(* Let $Y$ be a real normed space, $K\subset Y$ a pointed closed convex cone, and $A,B,C\subset Y$ nonempty sets such that $C$ is $K$-bounded and $$A+C\subset\operatorname{cl}(C+B+K).$$ Then $A\subset\operatorname{cl}\operatorname{conv}(B+K)$.
   Context: A nonempty set $C\subset Y$ is $K$-bounded if there is a bounded set $M\subset Y$ with $C\subset M+K$. $\operatorname{cl}$ denotes norm closure and $\operatorname{conv}$ the convex hull. *)

theory Defs
  imports "HOL-Analysis.Analysis"
begin

definition msum :: "'a::real_normed_vector set \<Rightarrow> 'a set \<Rightarrow> 'a set" where
  "msum A B = {a + b | a b. a \<in> A \<and> b \<in> B}"

definition pointed_cone :: "'a::real_normed_vector set \<Rightarrow> bool" where
  "pointed_cone K \<longleftrightarrow> cone K \<and> K \<inter> uminus ` K = {0}"

definition K_bounded :: "'a::real_normed_vector set \<Rightarrow> 'a set \<Rightarrow> bool" where
  "K_bounded K C \<longleftrightarrow> C \<noteq> {} \<and> (\<exists>M. bounded M \<and> C \<subseteq> msum M K)"

end

theory Submission
  imports Defs
begin

text \<open>
  Fix \<open>a \<in> A\<close> and \<open>\<epsilon> > 0\<close>. Starting from some \<open>c\<^sub>0 \<in> C\<close>, the inclusion
  \<open>a + c\<^sub>i \<in> cl(C + B + K)\<close> yields \<open>c\<^sub>i\<^sub>+\<^sub>1 \<in> C\<close> and \<open>w\<^sub>i \<in> B + K\<close> with
  \<open>\<parallel>a + c\<^sub>i - c\<^sub>i\<^sub>+\<^sub>1 - w\<^sub>i\<parallel> < \<epsilon>\<close>. Summing \<open>n\<close> of these steps telescopes to
  \<open>\<parallel>n a - \<Sum> w\<^sub>i - (c\<^sub>n - c\<^sub>0)\<parallel> < n \<epsilon>\<close>. Writing \<open>c\<^sub>n = m + k\<close> with \<open>m\<close> in a bounded
  set and \<open>k \<in> K\<close>, the vector \<open>k\<close> is absorbed into one \<open>w\<^sub>i\<close> (as \<open>B + K + K = B + K\<close>),
  and the remaining error \<open>\<parallel>c\<^sub>0 - m\<parallel>/n\<close> vanishes as \<open>n \<rightarrow> \<infinity>\<close>. Hence \<open>a\<close> is a limit of
  averages of points of \<open>B + K\<close>.
\<close>

lemma msum_add_convex_cone:
  assumes "convex K" "cone K" "x \<in> msum B K" "k \<in> K"
  shows "x + k \<in> msum B K"
proof -
  obtain b k' where "b \<in> B" "k' \<in> K" "x = b + k'"
    using assms(3) unfolding msum_def by blast
  moreover have "k' + k \<in> K"
    using assms(1,2,4) \<open>k' \<in> K\<close> convex_cone by blast
  ultimately show ?thesis
    unfolding msum_def by (metis (mono_tags, lifting) add.assoc mem_Collect_eq)
qed

lemma average_mem_convex_hull:
  assumes "n > 0" "\<And>i. i < n \<Longrightarrow> x i \<in> S"
  shows "(1 / real n) *\<^sub>R (\<Sum>i<n. x i) \<in> convex hull S"
  unfolding scaleR_sum_right
  by (rule convex_sum) (use assms in \<open>auto intro: hull_inc simp: convex_convex_hull\<close>)

lemma norm_telescoping_average_le:
  fixes a m k :: "'a::real_normed_vector"
  assumes "n > 0"
    and step: "\<And>i. i < n \<Longrightarrow> norm (a + c i - c (Suc i) - w i) \<le> e"
    and "c n = m + k"
  shows "norm (a - (1 / real n) *\<^sub>R (k + (\<Sum>i<n. w i))) \<le> e + norm (c 0 - m) / real n"
proof -
  let ?y = "(1 / real n) *\<^sub>R (k + (\<Sum>i<n. w i))"
  have "(\<Sum>i<n. a + c i - c (Suc i) - w i) = real n *\<^sub>R a + (c 0 - c n) - (\<Sum>i<n. w i)"
    using sum_lessThan_telescope'[of c n]
    by (simp add: sum_subtractf sum.distrib sum_constant_scaleR add_diff_eq[symmetric])
  then have "real n *\<^sub>R (a - ?y) = (\<Sum>i<n. a + c i - c (Suc i) - w i) - (c 0 - m)"
    using \<open>n > 0\<close> \<open>c n = m + k\<close> by (simp add: scaleR_diff_right scaleR_add_right)
  then have "real n * norm (a - ?y) = norm ((\<Sum>i<n. a + c i - c (Suc i) - w i) - (c 0 - m))"
    by (metis norm_scaleR abs_of_nat)
  also have "\<dots> \<le> norm (\<Sum>i<n. a + c i - c (Suc i) - w i) + norm (c 0 - m)"
    by (rule norm_triangle_ineq4)
  also have "\<dots> \<le> (\<Sum>i<n. norm (a + c i - c (Suc i) - w i)) + norm (c 0 - m)"
    using norm_sum by (rule add_right_mono)
  also have "\<dots> \<le> real n * e + norm (c 0 - m)"
    using sum_mono[of "{..<n}", OF step] by simp
  finally show ?thesis
    using \<open>n > 0\<close> by (simp add: field_simps)
qed

lemma approximating_chain:
  assumes "\<forall>c\<in>C. \<exists>c'\<in>C. \<exists>w\<in>W. norm (a + c - c' - w) < e" and "c\<^sub>0 \<in> C"
  obtains c w where "c 0 = c\<^sub>0" "\<And>i. c i \<in> C" "\<And>i. w i \<in> W"
    "\<And>i. norm (a + c i - c (Suc i) - w i) < e"
proof -
  have "\<exists>c. \<forall>i. (c i \<in> C \<and> (i = 0 \<longrightarrow> c i = c\<^sub>0))
      \<and> (\<exists>w\<in>W. norm (a + c i - c (Suc i) - w) < e)"
    by (rule dependent_nat_choice) (use assms in blast)+
  then obtain c where c: "\<And>i. c i \<in> C \<and> (i = 0 \<longrightarrow> c i = c\<^sub>0)"
    "\<And>i. \<exists>w\<in>W. norm (a + c i - c (Suc i) - w) < e"
    by blast
  then obtain w where "\<And>i. w i \<in> W \<and> norm (a + c i - c (Suc i) - w i) < e"
    by metis
  with c that show ?thesis by blast
qed

lemma mem_closure_convex_hull_msum:
  assumes "convex K" "cone K" "K_bounded K C"
    and "msum A C \<subseteq> closure (msum (msum C B) K)" and "a \<in> A"
  shows "a \<in> closure (convex hull (msum B K))"
  unfolding closure_approachable
proof (intro allI impI)
  fix e :: real assume "e > 0"
  obtain M c\<^sub>0 where "bounded M" "C \<subseteq> msum M K" "c\<^sub>0 \<in> C"
    using assms(3) unfolding K_bounded_def by blast
  obtain R where R: "\<And>m. m \<in> M \<Longrightarrow> norm m \<le> R"
    using \<open>bounded M\<close> unfolding bounded_iff by blast
  have "\<exists>c'\<in>C. \<exists>w\<in>msum B K. norm (a + c - c' - w) < e / 2" if "c \<in> C" for c
  proof -
    have "a + c \<in> closure (msum (msum C B) K)"
      using assms(4,5) that unfolding msum_def by blast
    then obtain c' b k where "c' \<in> C" "b \<in> B" "k \<in> K" "dist (a + c) (c' + b + k) < e / 2"
      using closure_approachableD[of "a + c" _ "e / 2"] \<open>e > 0\<close> unfolding msum_def by fastforce
    then show ?thesis
      unfolding msum_def by (intro bexI[of _ c'] bexI[of _ "b + k"]) (auto simp: dist_norm algebra_simps)
  qed
  then obtain c w where c: "c 0 = c\<^sub>0" "\<And>i. c i \<in> C" and w: "\<And>i. w i \<in> msum B K"
    and step: "\<And>i. norm (a + c i - c (Suc i) - w i) < e / 2"
    using approximating_chain[of C "msum B K" a "e / 2" c\<^sub>0] \<open>c\<^sub>0 \<in> C\<close> by blast
  obtain n :: nat where n: "real n > max 0 (2 * (norm c\<^sub>0 + R) / e)"
    using reals_Archimedean2 by blast
  obtain m k where "m \<in> M" "k \<in> K" "c n = m + k"
    using c(2) \<open>C \<subseteq> msum M K\<close> unfolding msum_def by blast
  define y where "y = (1 / real n) *\<^sub>R (k + (\<Sum>i<n. w i))"
  have "y = (1 / real n) *\<^sub>R (\<Sum>i<n. w i + (if i = 0 then k else 0))"
    using n by (simp add: y_def sum.distrib add.commute)
  then have y: "y \<in> convex hull (msum B K)"
    using n w msum_add_convex_cone[OF assms(1,2) _ \<open>k \<in> K\<close>]
    by (auto intro!: average_mem_convex_hull)
  have "norm (a - y) \<le> e / 2 + norm (c 0 - m) / real n"
    unfolding y_def using n step \<open>c n = m + k\<close>
    by (intro norm_telescoping_average_le) (auto intro: less_imp_le)
  moreover have "norm (c 0 - m) / real n < e / 2"
    using n \<open>e > 0\<close> norm_triangle_ineq4[of c\<^sub>0 m] R[OF \<open>m \<in> M\<close>] c(1)
    by (simp add: field_simps)
  ultimately have "dist y a < e"
    unfolding dist_norm norm_minus_commute[of y a] by linarith
  with y show "\<exists>y\<in>convex hull msum B K. dist y a < e"
    by blast
qed

theorem mainTheorem3:
  fixes K A B C :: "'a::real_normed_vector set"
  assumes "pointed_cone K" and "closed K" and "convex K"
    and "A \<noteq> {}" and "B \<noteq> {}" and "C \<noteq> {}"
    and "K_bounded K C"
    and "msum A C \<subseteq> closure (msum (msum C B) K)"
  shows "A \<subseteq> closure (convex hull (msum B K))"
  using mem_closure_convex_hull_msum[OF assms(3) _ assms(7,8)] assms(1)
  unfolding pointed_cone_def by blast

end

+ + + + +

The task: Would you give the number of lines above that hold "assms"? Only the number is needed.

Exercise response: 8